Try run the above code in a simple Julia REPL. Or try the following in Jupyter:

``````using Gnuplot

x = randn(1000);
y = randn(1000);

# Overall plot margins (normalized in the range 0:1)
margins = (l=0.08, r=0.98, b=0.13, t=0.98)

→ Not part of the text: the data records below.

(* Let $M$ be an $m\times n$ matrix over a field with all entries nonzero, where $m<n$. If every maximal ($m\times m$) minor $N$ of $M$ satisfies $\operatorname{crk}N<m$, then $\operatorname{crk}M<m$.
   Context: For a matrix $M$ with nonzero entries, the combinatorial rank $\operatorname{crk}M$ is the minimum of the number of classes of mutually proportional rows of $M$ and the number of classes of mutually proportional columns of $M$. A maximal minor here means the square submatrix formed by some $m$ columns. *)

theory Defs
  imports Main
begin

text \<open>A matrix is represented as a function M :: nat => nat => 'a, restricted to a row
index set R and a column index set C (for an m x n matrix, R = {0..<m}, C = {0..<n};
a maximal minor is obtained by restricting C to a set S of m columns).\<close>

definition rows_prop :: "(nat \<Rightarrow> nat \<Rightarrow> 'a::field) \<Rightarrow> nat set \<Rightarrow> nat \<Rightarrow> nat \<Rightarrow> bool" where
  "rows_prop M C i i' \<longleftrightarrow> (\<exists>c. \<forall>j\<in>C. M i' j = c * M i j)"

definition cols_prop :: "(nat \<Rightarrow> nat \<Rightarrow> 'a::field) \<Rightarrow> nat set \<Rightarrow> nat \<Rightarrow> nat \<Rightarrow> bool" where
  "cols_prop M R j j' \<longleftrightarrow> (\<exists>c. \<forall>i\<in>R. M i j' = c * M i j)"

definition row_classes :: "(nat \<Rightarrow> nat \<Rightarrow> 'a::field) \<Rightarrow> nat set \<Rightarrow> nat set \<Rightarrow> nat" where
  "row_classes M R C = card {{i'\<in>R. rows_prop M C i i'} | i. i \<in> R}"

definition col_classes :: "(nat \<Rightarrow> nat \<Rightarrow> 'a::field) \<Rightarrow> nat set \<Rightarrow> nat set \<Rightarrow> nat" where
  "col_classes M R C = card {{j'\<in>C. cols_prop M R j j'} | j. j \<in> C}"

definition crk :: "(nat \<Rightarrow> nat \<Rightarrow> 'a::field) \<Rightarrow> nat set \<Rightarrow> nat set \<Rightarrow> nat" where
  "crk M R C = min (row_classes M R C) (col_classes M R C)"

end

theory Submission
  imports Defs
begin
definition biclique_edges :: "('v \<Rightarrow> 'v \<Rightarrow> bool) \<Rightarrow> 'v set \<Rightarrow> 'v set set" where
  "biclique_edges E B = {{u, v} | u v. u \<in> B \<and> v \<in> B \<and> E u v}"

definition KBe_adj :: "('v \<Rightarrow> 'v \<Rightarrow> bool) \<Rightarrow> 'v set \<Rightarrow> 'v set \<Rightarrow> bool" where
  "KBe_adj E B B' \<longleftrightarrow> B \<noteq> B' \<and> biclique_edges E B \<inter> biclique_edges E B' \<noteq> {}"

definition Gamma_adj :: "('v \<Rightarrow> 'v \<Rightarrow> bool) \<Rightarrow> 'v set \<Rightarrow> 'v set \<Rightarrow> bool" where
  "Gamma_adj E e f \<longleftrightarrow> e \<noteq> f \<and> (\<exists>v w z. e = {v, w} \<and> f = {v, z} \<and> \<not> E w z)"

end

theory Submission
  imports Defs
begin

text \<open>
  Every edge lies in a biclique; two edges of one biclique are joined in \<open>\<Gamma>\<close> (move one
  endpoint at a time inside the bipartition); and two \<open>\<Gamma>\<close>-adjacent edges \<open>vw, vz\<close> span an
  induced star \<open>K\<^sub>1\<^sub>,\<^sub>2\<close>, hence lie in a common biclique. So the relation ``edge \<open>e\<close> belongs to
  biclique \<open>B\<close>'' links paths in \<open>\<Gamma>\<close> to paths in \<open>KB\<^sub>e(G)\<close> in both directions, and taking the
  union of the edge sets of the bicliques in a component of \<open>KB\<^sub>e(G)\<close> is a bijection onto the
  components of \<open>\<Gamma>\<close>. This is an instance of a general correspondence between the components of
  two graphs linked by such a covering relation.
\<close>

definition component :: "'v set \<Rightarrow> ('v \<Rightarrow> 'v \<Rightarrow> bool) \<Rightarrow> 'v \<Rightarrow> 'v set" where
  "component V R x = {y \<in> V. reach V R x y}"

lemma components_eq_image_component: "components V R = component V R ` V"
  unfolding components_def component_def by blast

lemma reach_refl: "reach V R x x"
  unfolding reach_def by simp

lemma reach_step: "x \<in> V \<Longrightarrow> y \<in> V \<Longrightarrow> R x y \<Longrightarrow> reach V R x y"
  unfolding reach_def by (simp add: r_into_rtranclp)

lemma reach_trans: "reach V R x y \<Longrightarrow> reach V R y z \<Longrightarrow> reach V R x z"
  unfolding reach_def by (rule rtranclp_trans)

lemma reach_induct [consumes 1, case_names refl step]:
  assumes "reach V R x y"
    and "P x"
    and "\<And>y z. reach V R x y \<Longrightarrow> y \<in> V \<Longrightarrow> z \<in> V \<Longrightarrow> R y z \<Longrightarrow> P y \<Longrightarrow> P z"
  shows "P y"
  using assms(1)[unfolded reach_def]
proof (induction rule: rtranclp_induct)
  case (step y z)
  then show ?case using assms(3) by (simp add: reach_def)
qed (fact assms(2))

lemma component_eq_iff:
  "component V R x = component V R y \<longleftrightarrow> reach V R x y \<and> reach V R y x"
  if "x \<in> V" "y \<in> V"
  using that reach_refl[of V R] reach_trans[of V R] unfolding component_def by blast

lemma components_eq_singleton_iff_card: "components V R = {V} \<longleftrightarrow> card (components V R) = 1"
proof
  assume "card (components V R) = 1"
  then obtain K where K: "components V R = {K}"
    using card_1_singletonE by blast
  then have "K \<subseteq> V"
    unfolding components_def by auto
  moreover have "x \<in> K" if "x \<in> V" for x
  proof -
    have "component V R x = K"
      using K that unfolding components_eq_image_component by blast
    then show ?thesis
      using that reach_refl[of V R x] unfolding component_def by blast
  qed
  ultimately show "components V R = {V}"
    using K by blast
qed simp

lemma connected_graph_iff_components: "connected_graph V R \<longleftrightarrow> components V R = {V}"
proof
  assume "connected_graph V R"
  then have "V \<noteq> {}" "\<forall>x\<in>V. component V R x = V"
    unfolding connected_graph_def component_def by auto
  then show "components V R = {V}"
    unfolding components_eq_image_component by auto
next
  assume comps: "components V R = {V}"
  then have "V \<noteq> {}"
    unfolding components_eq_image_component by auto
  moreover have "component V R x = V" if "x \<in> V" for x
    using comps that unfolding components_eq_image_component by blast
  ultimately show "connected_graph V R"
    unfolding connected_graph_def component_def by blast
qed

text \<open>
  The first graph plays the role of \<open>KB\<^sub>e(G)\<close>, the second that of \<open>\<Gamma>\<close>, and \<open>L a\<close> the edge set
  of the biclique \<open>a\<close>. No symmetry of \<open>R\<close> or \<open>S\<close> is needed.
\<close>

locale covering_correspondence =
  fixes A :: "'a set" and R :: "'a \<Rightarrow> 'a \<Rightarrow> bool"
    and C :: "'c set" and S :: "'c \<Rightarrow> 'c \<Rightarrow> bool"
    and L :: "'a \<Rightarrow> 'c set"
  assumes L_subset: "a \<in> A \<Longrightarrow> L a \<subseteq> C"
    and L_nonempty: "a \<in> A \<Longrightarrow> L a \<noteq> {}"
    and L_cover: "c \<in> C \<Longrightarrow> \<exists>a\<in>A. c \<in> L a"
    and adj_overlap: "a \<in> A \<Longrightarrow> b \<in> A \<Longrightarrow> R a b \<Longrightarrow> L a \<inter> L b \<noteq> {}"
    and overlap_reach: "a \<in> A \<Longrightarrow> b \<in> A \<Longrightarrow> c \<in> L a \<Longrightarrow> c \<in> L b \<Longrightarrow> reach A R a b"
    and adj_common: "c \<in> C \<Longrightarrow> d \<in> C \<Longrightarrow> S c d \<Longrightarrow> \<exists>a\<in>A. c \<in> L a \<and> d \<in> L a"
    and L_reach: "a \<in> A \<Longrightarrow> c \<in> L a \<Longrightarrow> d \<in> L a \<Longrightarrow> reach C S c d"
begin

# Right and top margins of main plot
right, top = 0.8, 0.75

# Gap between main plot and histograms
gap  = 0.015

# Axis range
xr = [-3,3]
yr = [-3,3]

# Main plot
@gp "set multiplot"
@gp :- 1 ma=margins rma=right tma=top xr=xr yr=yr :-
@gp :-   x y "w p notit" xlab="X" ylab="Y"

# Histogram on X
h = hist(x, nbins=10)
@gp :- 2 ma=margins bma=top+gap rma=right xr=xr yr=[NaN,NaN] :-
@gp :-   "set xtics format ''" "set ytics format ''"  xlab="" ylab="" :-
bs = fill(h.binsize, length(h.bins));
@gp :-   h.bins h.counts./2 bs./2 h.counts./2 "w boxxy notit fs solid 0.4" :-

# Histogram on Y
h = hist(y, nbins=10)
@gp :- 3 ma=margins lma=right+gap tma=top xr=[NaN,NaN] yr=yr :-
@gp :-     "unset xrange" :-
bs = fill(h.binsize, length(h.bins));
@gp :-   h.counts./2 h.bins h.counts./2 bs./2 "w boxxy notit fs solid 0.4" :-
@gp
``````

Concerning your second question: you have complete flexibility for the horizontal histogram on the top (see `set style histogram` in the gnuplot manual), while for the vertical histogram on the right you need to calculate the bounding coordinates of each histogram "bar, and use the color/filling properties of the `boxxyerror` style.

Tried the original code in REPL, still error -> `ERROR: LoadError: type NamedTuple has no field TERM_XMIN Stacktrace: [1] getproperty at .\Base.jl:33 [inlined]`

Run the new code above in REPL, it works.